_WHAT IS EXPECTED_:
The answer is the set of lines that include "topspace", copied from the data below.

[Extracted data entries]
lemma strong_deformation_retract_translate_toward:
  fixes T :: "'a::euclidean_space set set"
  assumes "T \<subseteq> Graff k" and "\<And>S t. S \<in> T \<Longrightarrow> translate_toward b t S \<in> T"
  shows "strong_deformation_retract_of_space {S \<in> T. b \<in> S} (subtopology (Graff_top k) T)"
proof -
  let ?X = "subtopology (Graff_top k) T"
  have top: "topspace ?X = T" using assms(1) by (auto simp: topspace_Graff_top)
  have "continuous_map (prod_topology (top_of_set {0..1}) ?X) (Graff_top k)
      (\<lambda>(t, S). translate_toward b t S)"
    using continuous_map_from_subtopology[OF continuous_map_translate_toward, where S = "{0..1} \<times> T"]
    by (simp add: subtopology_Times)
  then have "continuous_map (prod_topology (top_of_set {0..1}) ?X) ?X
      (\<lambda>(t, S). translate_toward b t S)"
    using assms(2) by (auto simp: continuous_map_in_subtopology top)
  then have "homotopic_with (\<lambda>h. \<forall>S\<in>{S \<in> T. b \<in> S}. h S = S) ?X ?X id (translate_toward b 1)"
    unfolding homotopic_with_def
    by (intro exI[of _ "\<lambda>(t, S). translate_toward b t S"]) (auto simp: translate_toward_fixed)
  moreover have "translate_toward b 1 ` topspace ?X \<subseteq> {S \<in> T. b \<in> S}"
    unfolding top using assms mem_translate_toward_1 by blast
  ultimately show ?thesis
    unfolding strong_deformation_retract_of_space_def top by auto
qed

theorem theorem7p6:
  fixes k :: nat and A :: "nat \<Rightarrow> (real ^ 'n) set" and b :: "real ^ 'n"
  assumes "\<forall>j\<in>{1..k}. subspace (A j)"
    and "\<forall>j. 1 \<le> j \<and> j < k \<longrightarrow> A j \<subseteq> A (Suc j)"
  shows "strong_deformation_retract_of_space (s_tr b ` Omega k A)
           (subtopology (Graff_top k) (Psi k A b))
       \<and> (subtopology (Graff_top k) (Psi k A b)) homotopy_equivalent_space
           (subtopology (Graff_top k) {S \<in> Graff k. tau S \<in> Omega k A})"
proof -
  let ?R = "s_tr b ` Omega k A" and ?T = "{S \<in> Graff k. tau S \<in> Omega k A}"
  have Psi_sub: "Psi k A b \<subseteq> ?T"
    using Psi_imp_tau_Omega[OF assms(1)] by (auto simp: Psi_def)
  have R_T: "?R = {S \<in> ?T. b \<in> S}"
    by (auto simp: s_tr_image_Omega_eq)
  have R_Psi: "?R = {S \<in> Psi k A b. b \<in> S}"
    using R_T Psi_sub s_tr_image_Omega_subset_Psi[OF assms(1)] by blast
  have Psi_retract: "strong_deformation_retract_of_space ?R (subtopology (Graff_top k) (Psi k A b))"
    unfolding R_Psi
    by (rule strong_deformation_retract_translate_toward[OF _ translate_toward_Psi[OF assms(1)]])
      (auto simp: Psi_def)
  have T_retract: "strong_deformation_retract_of_space ?R (subtopology (Graff_top k) ?T)"
    unfolding R_T
    by (rule strong_deformation_retract_translate_toward)
      (auto simp: Graff_translate_toward tau_translate_toward)
  have "Psi k A b \<inter> ?R = ?R" "?T \<inter> ?R = ?R"
    using R_Psi R_T by blast+
  then have "subtopology (Graff_top k) (Psi k A b) homotopy_equivalent_space subtopology (Graff_top k) ?R"
    and "subtopology (Graff_top k) ?T homotopy_equivalent_space subtopology (Graff_top k) ?R"
    using strong_deformation_retract_imp_homotopy_equivalent_space[OF Psi_retract]
      strong_deformation_retract_imp_homotopy_equivalent_space[OF T_retract]
    by (simp_all only: subtopology_subtopology)
  then have "subtopology (Graff_top k) (Psi k A b) homotopy_equivalent_space subtopology (Graff_top k) ?T"
    using homotopy_eqv_trans homotopy_equivalent_space_sym by blast
  then show ?thesis
    using Psi_retract by blast
qed

end
lemma hpd_root_unique:
  fixes R1 R2 :: "complex^'n^'n"
  assumes "hpd_mat R1" "hpd_mat R2" "R1 ** R1 = R2 ** R2"
  shows "R1 = R2"
proof -
  have "(*v) R1 = (*v) R2"
  proof (rule pos_definite_sqrt_unique)
    show "linear ((*v) R1)" "linear ((*v) R2)"
      by simp_all
    show "selfadjoint ((*v) R1)" "selfadjoint ((*v) R2)"
      using assms(1,2) by (simp_all add: hpd_mat_iff selfadjoint_if_hermitian)
    show "pos_definite ((*v) R1)" "pos_definite ((*v) R2)"
      using assms(1,2) by (simp_all add: hpd_mat_iff)
    show "(*v) R1 \<circ> (*v) R1 = (*v) R2 \<circ> (*v) R2"
      using assms(3) by (simp add: fun_eq_iff matrix_vector_mul_assoc)
  qed
  then show ?thesis
    by (metis matrix_of_matrix_vector_mul)
qed

lemma hpd_sqrt:
  fixes H :: "complex^'n^'n"
  assumes "hpd_mat H"
  shows "hpd_mat (hpd_sqrt H)" and "hpd_sqrt H ** hpd_sqrt H = H"
proof -
  have "\<exists>!R. hpd_mat R \<and> R ** R = H"
    by (rule ex_ex1I[OF hpd_root_exists[OF assms]]) (metis hpd_root_unique)
  from theI'[OF this] show "hpd_mat (hpd_sqrt H)" and "hpd_sqrt H ** hpd_sqrt H = H"
    unfolding hpd_sqrt_def by simp_all
qed

lemma invertible_if_hpd_mat:
  fixes R :: "complex^'n^'n"
  assumes "hpd_mat R"
  shows "invertible R"
  unfolding invertible_left_inverse matrix_left_invertible_ker
  using assms by (metis hpd_mat_iff inner_zero_right less_irrefl pos_definite_def)

section \<open>The spectrum of a complex matrix\<close>

lemma poly_det:
  fixes P :: "'n::finite \<Rightarrow> 'n \<Rightarrow> 'a::comm_ring_1 poly"
  shows "poly (det (\<chi> i j. P i j)) x = det (\<chi> i j. poly (P i j) x)"
  unfolding det_def by (simp add: poly_sum poly_prod)

lemma mat_spectrum_iff_det: "l \<in> mat_spectrum M \<longleftrightarrow> det (M - mat l) = 0"
proof -
  have "(M - mat l) *v v = M *v v - l *s v" for v
    by (simp add: matrix_vector_mult_diff_rdistrib mat_mult_vec)
  then have "l \<in> mat_spectrum M \<longleftrightarrow> \<not> invertible (M - mat l)"
    unfolding mat_spectrum_def invertible_left_inverse matrix_left_invertible_ker by auto
  then show ?thesis
    by (simp add: invertible_det_nz)
qed

definition charpoly :: "complex^'n^'n \<Rightarrow> complex poly" where
  "charpoly M = det (\<chi> i j. [:M$i$j, - (if i = j then 1 else 0):])"

(* rev_charpoly M t = det (I - t M) is visibly nonzero, being 1 at t = 0, and its roots are
   the reciprocals of the nonzero eigenvalues. *)
definition rev_charpoly :: "complex^'n^'n \<Rightarrow> complex poly" where
  "rev_charpoly M = det (\<chi> i j. [:if i = j then 1 else 0, - M$i$j:])"
(* (1) For all $j\in\mathbb Z\cup\{\infty\}$ the first coordinate $x:\mathbb R^2\to\mathbb R$ descends to $x_j:X_j\to\mathbb R$ (i.e. $x=x_j\circ\hat\pi^j$), and for $j\in\mathbb Z$ the map $\hat y_j:\mathbb R^2\to S^1(m_v^{-j})$, $\hat y_j(x,y)=y\bmod m_v^{-j}$, descends to $y_j:X_j\to S^1(m_v^{-j})$. (2) If $\sigma$ is a $2$-cell of $X_j$, then $x_j(\sigma)$ is an interval of length $m^{-j}$ whose endpoints are the images of the two vertical $1$-cells of $\sigma$. (3) If $p,p'\in X_j$ and $\pi_j(p)=\pi_j(p')$, then $d_{S^1}(y_j(p),y_j(p'))\le2m_v^{-(j+1)}$. (4) If $\bar\sigma$ is a $2$-cell of $X_{j+1}$, then $y_j(\pi_j^{-1}(\bar\sigma))$ has diameter at most $5m_v^{-(j+1)}$.
   Context: Standing construction ($n=2$). Fix an integer $L\ge100$, $m=4$, $m_v=3L$. For $j\in\mathbb Z$, $Y_j$ is the cell complex on $\mathbb R^2$ given by the tiling by rectangles $[am^{-j},(a+1)m^{-j}]\times[bm_v^{-j},(b+1)m_v^{-j}]$, $a,b\in\mathbb Z$; a $1$-cell of $Y_j$ is vertical if it is a translate of $\{0\}\times[0,m_v^{-j}]$. Let $\Phi(x,y)=(m^{-1}x,m_v^{-1}y)$. For $k,\ell\in\mathbb Z$, $i\in\{1,2,3\}$, let $a_{k,\ell,i}=\{k+\tfrac i4\}\times[(3\ell+i-1)m_v^{-1},(3\ell+i)m_v^{-1}]$. $\mathcal R$ is the equivalence relation on $\mathbb R^2$ generated by $p\sim p+(0,m_v^{-1})$ for $p\in a_{k,\ell,i}$. $\Phi^j_*\mathcal R=\{(\Phi^jp,\Phi^jq):(p,q)\in\mathcal R\}$; $\mathcal R_j$ is generated by $\Phi^i_*\mathcal R$, $i<j$; $\mathcal R_\infty$ by all of them. For $j\in\mathbb Z\cup\{\infty\}$, $X_j=\mathbb R^2/\mathcal R_j$, $\hat\pi^j$ the quotient map, $\pi_j:X_j\to X_{j+1}$ induced map. $X_j$ carries the CW structure whose open cells are images under $\hat\pi^j$ of open cells of $Y_j$ (vertical cells are images of vertical cells). $S^1(r)=\mathbb R/r\mathbb Z$ with the quotient metric $d_{S^1}$. *)

theory Defs
  imports "HOL-Analysis.Analysis"
begin

type_synonym pt = "real \<times> real"

definition equiv_closure :: "'a rel \<Rightarrow> 'a rel" where
  "equiv_closure r = (r \<union> r\<inverse>)\<^sup>*"

definition mh :: real where "mh = 4"
definition mv :: "int \<Rightarrow> real" where "mv L = real_of_int (3 * L)"

definition PhiPow :: "int \<Rightarrow> int \<Rightarrow> pt \<Rightarrow> pt" where
  "PhiPow L j p = (mh powi (-j) * fst p, mv L powi (-j) * snd p)"

definition aseg :: "int \<Rightarrow> int \<Rightarrow> int \<Rightarrow> int \<Rightarrow> pt set" where
  "aseg L k l i = {k + of_int i / 4} \<times>
      {real_of_int (3 * l + i - 1) / mv L .. real_of_int (3 * l + i) / mv L}"

definition baseGen :: "int \<Rightarrow> pt rel" where
  "baseGen L = {(p, (fst p, snd p + 1 / mv L)) | p.
      \<exists>k l i. i \<in> {1,2,3} \<and> p \<in> aseg L k l i}"

definition baseR :: "int \<Rightarrow> pt rel" where
  "baseR L = equiv_closure (baseGen L)"

definition pushR :: "int \<Rightarrow> int \<Rightarrow> pt rel \<Rightarrow> pt rel" where
  "pushR L i R = {(PhiPow L i p, PhiPow L i q) | p q. (p, q) \<in> R}"

definition Rj :: "int \<Rightarrow> int \<Rightarrow> pt rel" where
  "Rj L j = equiv_closure (\<Union>i\<in>{..<j}. pushR L i (baseR L))"

definition Rinf :: "int \<Rightarrow> pt rel" where
  "Rinf L = equiv_closure (\<Union>i. pushR L i (baseR L))"

definition Xq :: "pt rel \<Rightarrow> pt set set" where
  "Xq R = UNIV // R"

definition qmap :: "pt rel \<Rightarrow> pt \<Rightarrow> pt set" where
  "qmap R p = R `` {p}"

text \<open>pi_j : X_j -> X_{j+1}, induced by the identity of R^2.\<close>
definition pij :: "int \<Rightarrow> int \<Rightarrow> pt set \<Rightarrow> pt set" where
  "pij L j C = Rj L (j + 1) `` C"

text \<open>Circle S^1(r) = R / rZ, elements represented by their representative in [0,r);
  quotient metric.\<close>
definition circ_mod :: "real \<Rightarrow> real \<Rightarrow> real" where
  "circ_mod r y = y - r * of_int \<lfloor>y / r\<rfloor>"

definition dS1 :: "real \<Rightarrow> real \<Rightarrow> real \<Rightarrow> real" where
  "dS1 r a b = (INF k\<in>(UNIV :: int set). \<bar>a - b + of_int k * r\<bar>)"

definition xdesc :: "pt set \<Rightarrow> real" where
  "xdesc C = fst (SOME p. p \<in> C)"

_WRITTEN RESPONSE_:
  have top: "topspace ?X = T" using assms(1) by (auto simp: topspace_Graff_top)
  moreover have "translate_toward b 1 ` topspace ?X \<subseteq> {S \<in> T. b \<in> S}"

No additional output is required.